Ya da merkezi devletin burjuvazisi ve toprak aristokrasisine, bürokrasisine karşı, bunların oluşturduğu devlet yönetimine karşı, ezilen ulusun üst sınıfları “özgürlük bayrağını” açıyor, onların önderliğinde ulusal hareket başlıyordu. Ulusal hareket “Pazar sorunu” olarak başlamakla birlikte, bu durumda sadece Pazar sorunu olmaktan çıkıyor ve demokratik hak ve özgürlükler, eşit haklar için mücadele alanına doğru genişliyor, kapsamı ve içeriği genişliyordu. Bu durumda, artık sorun, bütün bir halkı ilgilendirir hale geliyor, ulusun “ortak sorunları” her şeyin önüne geçiyordu.

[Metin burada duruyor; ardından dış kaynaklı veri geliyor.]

(* Let $a$ be a positive integer with $\sigma(a)\neq 2a$, and let $b,c$ be coprime integers with $c>0$ and $\dfrac{b}{c}=\dfrac{a}{2a-\sigma(a)}$. Let $f$ be a positive integer coprime to $a$, and let $g,h$ be positive integers with $gh=\sigma(f)$. Put $e=bf-bgh+cgh$ and assume $e\neq 0$. Let $x,y$ be positive integers such that $p=hx-1$, $q=gy-1$, $r=xy-1$ are primes, $p\neq q$, none of $p,q,r$ divides $a$, and $\gcd(f,r)=1$. If $$(ex-bg)(ey-bh)=b^2gh+be(f-1),$$ then $apq$ and $afr$ are amicable numbers.
   Context: For a positive integer $N$, $\sigma(N)$ denotes the sum of all positive divisors of $N$. Positive integers $M,N$ are amicable if $\sigma(M)-M=N$ and $\sigma(N)-N=M$. *)

theory Defs
  imports "HOL-Number_Theory.Number_Theory"
begin

definition sigma :: "nat \<Rightarrow> nat" where
  "sigma N = (\<Sum>d\<in>{d. d dvd N}. d)"

definition amicable :: "nat \<Rightarrow> nat \<Rightarrow> bool" where
  "amicable M N \<longleftrightarrow> M > 0 \<and> N > 0 \<and> int (sigma M) - int M = int N \<and> int (sigma N) - int N = int M"

end

theory Submission
  imports Defs
begin

(* With p = hx - 1, q = gy - 1, r = xy - 1 and sigma multiplicative, sigma(apq) = sigma(a) hx gy
   and sigma(afr) = sigma(a) gh xy coincide, so it remains to show that this value is apq + afr.
   As e <> 0, the quadratic relation is equivalent to e xy = b (hx + gy + f - 1); together with
   b sigma(a) = (2b - c) a, both b sigma(a) gh xy and b a (pq + fr) reduce to a xy (2b - c) gh. *)

lemma divisor_mult_injective:
  fixes m n u v u' v' :: nat
  assumes "coprime m n" and "u dvd m" "v dvd n" "u' dvd m" "v' dvd n" and "u * v = u' * v'"
  shows "u = u'" and "v = v'"
proof -
  have recover: "gcd (s * t) m = s \<and> gcd (s * t) n = t" if "s dvd m" "t dvd n" for s t
  proof -
    have "coprime m t" "coprime n s"
      using assms(1) that coprime_divisors coprime_commute by (metis dvd_refl)+
    then show ?thesis
      using that gcd_mult_left_right_cancel[of m t s] gcd_mult_left_left_cancel[of n s t]
      by (simp add: gcd_nat.absorb1)
  qed
  show "u = u'" "v = v'"
    using recover[OF assms(2,3)] recover[OF assms(4,5)] assms(6) by metis+
qed

lemma sigma_mult:
  fixes m n :: nat
  assumes "coprime m n"
  shows "sigma (m * n) = sigma m * sigma n"
proof -
  let ?D = "\<lambda>k::nat. {d. d dvd k}"
  let ?mult = "\<lambda>(d1, d2). d1 * d2 :: nat"
  have divisors_mult: "?D (m * n) = ?mult ` (?D m \<times> ?D n)"
  proof
    show "?D (m * n) \<subseteq> ?mult ` (?D m \<times> ?D n)"
    proof
      fix d assume "d \<in> ?D (m * n)"
      then have "d dvd m * n" by simp
      then obtain u v where "d = u * v" "u dvd m" "v dvd n"
        by (rule dvd_productE)
      then show "d \<in> ?mult ` (?D m \<times> ?D n)" by force
    qed
  qed (auto intro: mult_dvd_mono)
  have "inj_on ?mult (?D m \<times> ?D n)"
  proof (rule inj_onI, clarify)
    fix u v u' v' :: nat
    assume "u dvd m" "v dvd n" "u' dvd m" "v' dvd n" "u * v = u' * v'"
    then show "u = u' \<and> v = v'"
      using divisor_mult_injective[OF assms] by blast
  qed
  then have "sigma (m * n) = (\<Sum>(d1, d2)\<in>?D m \<times> ?D n. d1 * d2)"
    unfolding sigma_def divisors_mult by (rule sum.reindex[unfolded comp_def])
  also have "\<dots> = sigma m * sigma n"
    by (simp add: sigma_def sum_product sum.cartesian_product)
  finally show ?thesis .
qed

lemma sigma_prime:
  assumes "prime (p::nat)"
  shows "sigma p = p + 1"
proof -
  have "{d. d dvd p} = {1, p}" "p \<noteq> 1"
    using assms prime_nat_iff by auto
  then show ?thesis by (simp add: sigma_def)
qed

lemma sigma_mult_prime:
  fixes n p :: nat
  assumes "prime p" "\<not> p dvd n"
  shows "sigma (n * p) = sigma n * (p + 1)"
proof -
  have "coprime n p"
    using assms prime_imp_coprime coprime_commute by blast
  then have "sigma (n * p) = sigma n * sigma p"
    by (rule sigma_mult)
  then show ?thesis
    using assms(1) sigma_prime by simp
qed

lemma sigma_mult_two_primes:
  fixes a p q :: nat
  assumes "prime p" "prime q" "p \<noteq> q" "\<not> p dvd a" "\<not> q dvd a"
  shows "sigma (a * p * q) = sigma a * (p + 1) * (q + 1)"
proof -
  have "\<not> q dvd a * p"
    using assms by (metis prime_dvd_mult_iff primes_dvd_imp_eq)
  then show ?thesis
    using assms sigma_mult_prime[of q "a * p"] sigma_mult_prime[of p a] by simp
qed

lemma sigma_mult_coprime_prime:
  fixes a f r :: nat
  assumes "coprime f a" "prime r" "\<not> r dvd a" "coprime f r"
  shows "sigma (a * f * r) = sigma a * sigma f * (r + 1)"
proof -
  have "\<not> r dvd f"
    using assms(2,4) coprime_absorb_left[of r f] not_prime_unit coprime_commute by blast
  then have "\<not> r dvd a * f"
    using assms(2,3) prime_dvd_mult_iff by blast
  then show ?thesis
    using assms sigma_mult_prime[of r "a * f"] sigma_mult[of a f] by (simp add: coprime_commute)
qed

lemma amicableI:
  assumes "M > 0" "N > 0" "sigma M = M + N" "sigma N = M + N"
  shows "amicable M N"
  using assms by (simp add: amicable_def)

lemma quadratic_relation_iff_linear:
  fixes b e f g h x y :: "'a::idom"
  assumes "e \<noteq> 0"
  shows "(e * x - b * g) * (e * y - b * h) = b^2 * g * h + b * e * (f - 1)
     \<longleftrightarrow> e * x * y = b * (h * x + g * y + f - 1)"
proof -
  have "(e * x - b * g) * (e * y - b * h) - (b^2 * g * h + b * e * (f - 1))
      = e * (e * x * y - b * (h * x + g * y + f - 1))"
    by (simp add: algebra_simps power2_eq_square)
  then show ?thesis
    using assms by (metis eq_iff_diff_eq_0 mult_eq_0_iff)
qed

lemma amicable_balance:
  fixes a s b c f g h x y :: "'a::idom"
  assumes "b * (2 * a - s) = c * a" and "b \<noteq> 0"
    and "(b * f - b * g * h + c * g * h) * x * y = b * (h * x + g * y + f - 1)"
  shows "s * (g * h) * (x * y) = a * ((h * x - 1) * (g * y - 1) + f * (x * y - 1))"
proof -
  have "b * (s * (g * h) * (x * y)) = (2 * b - c) * a * (g * h) * (x * y)"
    using assms(1) by (simp add: algebra_simps)
  also have "\<dots> = a * (b * g * h * x * y + b * f * x * y - (b * f - b * g * h + c * g * h) * x * y)"
    by (simp add: algebra_simps)
  also have "\<dots> = b * (a * ((h * x - 1) * (g * y - 1) + f * (x * y - 1)))"
    unfolding assms(3) by (simp add: algebra_simps)
  finally show ?thesis
    using assms(2) by simp
qed

lemma amicable_balance_nat:
  fixes a s f g h x y p q r :: nat and b c e :: int
  assumes "a > 0" "s \<noteq> 2 * a" "c > 0"
    and "(of_int b / of_int c :: rat) = of_nat a / (2 * of_nat a - of_nat s)"
    and "e = b * int f - b * int g * int h + c * int g * int h" "e \<noteq> 0"
    and "(e * int x - b * int g) * (e * int y - b * int h) = b^2 * int g * int h + b * e * (int f - 1)"
    and "p + 1 = h * x" "q + 1 = g * y" "r + 1 = x * y"
  shows "s * (g * h) * (x * y) = a * p * q + a * f * r"
proof -
  have "(2 * of_nat a - of_nat s :: rat) \<noteq> 0"
    using assms(2) by (metis eq_iff_diff_eq_0 of_nat_eq_iff of_nat_mult of_nat_numeral)
  then have "(of_int (b * (2 * int a - int s)) :: rat) = of_int (c * int a)"
    using assms(3,4) frac_eq_eq[of "of_int c" "2 * of_nat a - of_nat s :: rat"]
    by (simp add: mult.commute)
  then have "b * (2 * int a - int s) = c * int a"
    by (simp only: of_int_eq_iff)
  moreover have "b \<noteq> 0"
    using calculation assms(1,3) by auto
  moreover have "(b * int f - b * int g * int h + c * int g * int h) * int x * int y
      = b * (int h * int x + int g * int y + int f - 1)"
    using assms(7) quadratic_relation_iff_linear[OF assms(6)] unfolding assms(5) by simp
  ultimately have "int s * (int g * int h) * (int x * int y)
      = int a * ((int h * int x - 1) * (int g * int y - 1) + int f * (int x * int y - 1))"
    by (rule amicable_balance)
  moreover have "int h * int x - 1 = int p" "int g * int y - 1 = int q" "int x * int y - 1 = int r"
    using assms(8-10) by (simp_all flip: of_nat_mult add: algebra_simps)
  ultimately have "int (s * (g * h) * (x * y)) = int (a * p * q + a * f * r)"
    by (simp only: of_nat_mult of_nat_add distrib_left mult_ac)
  then show ?thesis
    by (simp only: of_nat_eq_iff)
qed

theorem mainTheorem9:
  fixes a f g h x y :: nat and b c :: int
  assumes "a > 0" and "sigma a \<noteq> 2 * a"
    and "coprime b c" and "c > 0"
    and "(of_int b / of_int c :: rat) = of_nat a / (2 * of_nat a - of_nat (sigma a))"
    and "f > 0" and "coprime f a"
    and "g > 0" and "h > 0" and "g * h = sigma f"
    and "b * int f - b * int g * int h + c * int g * int h \<noteq> 0"
    and "x > 0" and "y > 0"
    and "prime (h * x - 1)" and "prime (g * y - 1)" and "prime (x * y - 1)"
    and "h * x - 1 \<noteq> g * y - 1"
    and "\<not> (h * x - 1) dvd a" and "\<not> (g * y - 1) dvd a" and "\<not> (x * y - 1) dvd a"
    and "gcd f (x * y - 1) = 1"
    and "let e = b * int f - b * int g * int h + c * int g * int h in
         (e * int x - b * int g) * (e * int y - b * int h) = b^2 * int g * int h + b * e * (int f - 1)"
  shows "amicable (a * (h * x - 1) * (g * y - 1)) (a * f * (x * y - 1))"
proof -
  define p q r where "p = h * x - 1" and "q = g * y - 1" and "r = x * y - 1"
  have succ: "p + 1 = h * x" "q + 1 = g * y" "r + 1 = x * y"
    using assms(8,9,12,13) by (simp_all add: p_def q_def r_def)
  have primes: "prime p" "prime q" "prime r" "p \<noteq> q"
    and coprimes: "\<not> p dvd a" "\<not> q dvd a" "\<not> r dvd a" "coprime f r"
    using assms(14-21) unfolding p_def q_def r_def coprime_iff_gcd_eq_1 by blast+
  have balance: "sigma a * (g * h) * (x * y) = a * p * q + a * f * r"
    using amicable_balance_nat[OF assms(1,2,4,5) refl assms(11) _ succ] assms(22)
    by (simp add: Let_def)
  have "sigma (a * p * q) = sigma a * (p + 1) * (q + 1)"
    by (rule sigma_mult_two_primes[OF primes(1,2,4) coprimes(1,2)])
  also have "\<dots> = a * p * q + a * f * r"
    unfolding succ balance[symmetric] by (simp only: mult_ac)
  finally have sigma_apq: "sigma (a * p * q) = a * p * q + a * f * r" .
  have "sigma (a * f * r) = sigma a * sigma f * (r + 1)"
    by (rule sigma_mult_coprime_prime[OF assms(7) primes(3) coprimes(3,4)])
  also have "\<dots> = a * p * q + a * f * r"
    unfolding assms(10)[symmetric] succ(3) by (rule balance)
  finally have sigma_afr: "sigma (a * f * r) = a * p * q + a * f * r" .
  have "a * p * q > 0" "a * f * r > 0"
    using assms(1,6) primes prime_gt_0_nat by simp_all
  with sigma_apq sigma_afr show ?thesis
    unfolding p_def q_def r_def by (intro amicableI)
qed

end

Sömürgeleştirilmiş ya da işgal edilmiş ülkelerin ulusları söz konusu olduğunda ise, zaten ulusal sorun, ülkenin kurtarılması, bağımsızlığın kazanılması, yani sömürgelerin kurtuluşu, Batı’nın proletaryası ile birleşme sorununun bir parçası olarak şekilleniyordu. Emperyalizm döneminde, ulusal sorunun, genel olarak bağımlı bir devletin iç sorunu olmaktan çıkıp, emperyalizme karşı bağımlı ulusların ve ülkelerin bağımsızlığını kazanmasına doğru genişlemesi oldukça anlaşılabilir bir gelişmedir. Çünkü ulusal baskının sürmesinde pek çok büyük devletin parmağı bulunmaktadır. Emperyalist devletler, ulusal haklarından yoksun bırakılmış halkları kendilerine bağımlı kılma, bu sorunu kullanma konusunda büyük tecrübelere –dış güçlerin parmağı meselesi– sahiptirler. Denilebilir ki, çözülmemiş ulusal sorunlarla pek çok büyük devletin ilişkisi vardır, onlar, haklarına kavuşamamış ulusları kendilerine bağlama peşindedirler. Bu nedenle ve anlamda ulusal sorun “uluslararasılaşmıştır” ve bu yeni bir şey değildir.
Yukarıdaki örneklerden de anlaşılacağı gibi, ulusal hareketin içeriği her yerde aynı olmamaktadır. Bu, hangi yakıcı sorunun öne çıktığı, hangi taleplerin öncelikle öne sürüldüğü ile bağlantılı bir sorundur. Ulusal hareketin bu içeriği, bu sorunun o verili anda nasıl çözüleceğinin de anahtarını sunar. Burada temel sorun, ulusal hak talepleri ile harekete geçen ezilen ulus kitlelerinin, üst sınıfların bu çözüme razı olup, olmayacaklarıdır. Ezilen ulusun işçileri, köylüleri bu harekete ne kadar kitlesel katılırsa, ulusal hareketin tabanı o kadar genişler, etki alanı da o oranda artar. Örneğin sadece kitlesellik açısından bakıldığında, günümüzde Kürt halk kitlelerinin ulusal harekete katılımı, ona verdiği destek, bu hareketin en yaygın ve kitlesel ulusal hareketlerden birisi olma özelliğini kazanmasını sağlamıştır.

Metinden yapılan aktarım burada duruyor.